(* Let $P=\Bbbk[x_1,x_2,x_3]$ with Poisson bracket $\{x_1,x_2\}=0$, $\{x_2,x_3\}=2x_1x_2$, $\{x_3,x_1\}=x_1^2$. Then \[ \mathrm{PAut}_{\mathrm{gr}}(P)=\left\{\begin{bmatrix}a&0&0\\0&b&0\\c&d&a\end{bmatrix}: a,b\in\Bbbk^\times,\ c,d\in\Bbbk\right\},\qquad \mathrm{PR}(P)=\left\{\begin{bmatrix}1&0&0\\0&\xi&0\\0&d&1\end{bmatrix}: \xi\neq1 \text{ a root of unity},\ d\in\Bbbk\right\}. \]
   Context: $\Bbbk$ is algebraically closed of characteristic $0$; $P$ has the standard grading. A graded Poisson automorphism $\phi$ (degree-preserving bijective algebra and Lie homomorphism) is identified with the matrix $[a_{ij}]$ where $\phi(x_i)=\sum_k a_{ik}x_k$. $\mathrm{PR}(P)$ is the set of Poisson reflections: finite-order graded Poisson automorphisms $\phi$ with $\phi|_{P_1}$ having eigenvalues $1,1,\xi$ for a primitive root of unity $\xi\neq1$. *)

theory Defs
  imports "HOL-Analysis.Analysis" "HOL-Library.Poly_Mapping"
    "HOL-Computational_Algebra.Polynomial"
begin

text \<open>The polynomial ring P = k[x1,x2,x3]: variables are indexed by the
three-element type 3, whose elements 1, 2, 3 (=0) stand for x1, x2, x3.\<close>

type_synonym 'k P3 = "(3 \<Rightarrow>\<^sub>0 nat) \<Rightarrow>\<^sub>0 'k"

definition var :: "3 \<Rightarrow> 'k::comm_ring_1 P3" where
  "var i = Poly_Mapping.single (Poly_Mapping.single i 1) 1"

definition const :: "'k::comm_ring_1 \<Rightarrow> 'k P3" where
  "const c = Poly_Mapping.single 0 c"

definition subst :: "(3 \<Rightarrow> 'k::comm_ring_1 P3) \<Rightarrow> 'k P3 \<Rightarrow> 'k P3" where
  "subst \<sigma> p = (\<Sum>m\<in>Poly_Mapping.keys p. const (Poly_Mapping.lookup p m) * (\<Prod>i\<in>UNIV. \<sigma> i ^ Poly_Mapping.lookup m i))"

definition pdiff :: "3 \<Rightarrow> 'k::comm_ring_1 P3 \<Rightarrow> 'k P3" where
  "pdiff i p = (\<Sum>m\<in>Poly_Mapping.keys p.
      Poly_Mapping.single (m - Poly_Mapping.single i 1) (of_nat (Poly_Mapping.lookup m i) * Poly_Mapping.lookup p m))"

definition gbr :: "3 \<Rightarrow> 3 \<Rightarrow> 'k::comm_ring_1 P3" where
  "gbr i j =
    (if i = 2 \<and> j = 3 then 2 * var 1 * var 2
     else if i = 3 \<and> j = 2 then - (2 * var 1 * var 2)
     else if i = 3 \<and> j = 1 then var 1 ^ 2
     else if i = 1 \<and> j = 3 then - (var 1 ^ 2)
     else 0)"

● ● ●

WORK REQUEST -
Starting with the line that contains "i p = (\<Sum>m\<in>Poly_Mapping.keys p.", return every line through the last one of the records, exactly as written.

SOLUTION FOR THIS EXERCISE -
  "pdiff i p = (\<Sum>m\<in>Poly_Mapping.keys p.
      Poly_Mapping.single (m - Poly_Mapping.single i 1) (of_nat (Poly_Mapping.lookup m i) * Poly_Mapping.lookup p m))"

definition gbr :: "3 \<Rightarrow> 3 \<Rightarrow> 'k::comm_ring_1 P3" where
  "gbr i j =
    (if i = 2 \<and> j = 3 then 2 * var 1 * var 2
     else if i = 3 \<and> j = 2 then - (2 * var 1 * var 2)
     else if i = 3 \<and> j = 1 then var 1 ^ 2
     else if i = 1 \<and> j = 3 then - (var 1 ^ 2)
     else 0)"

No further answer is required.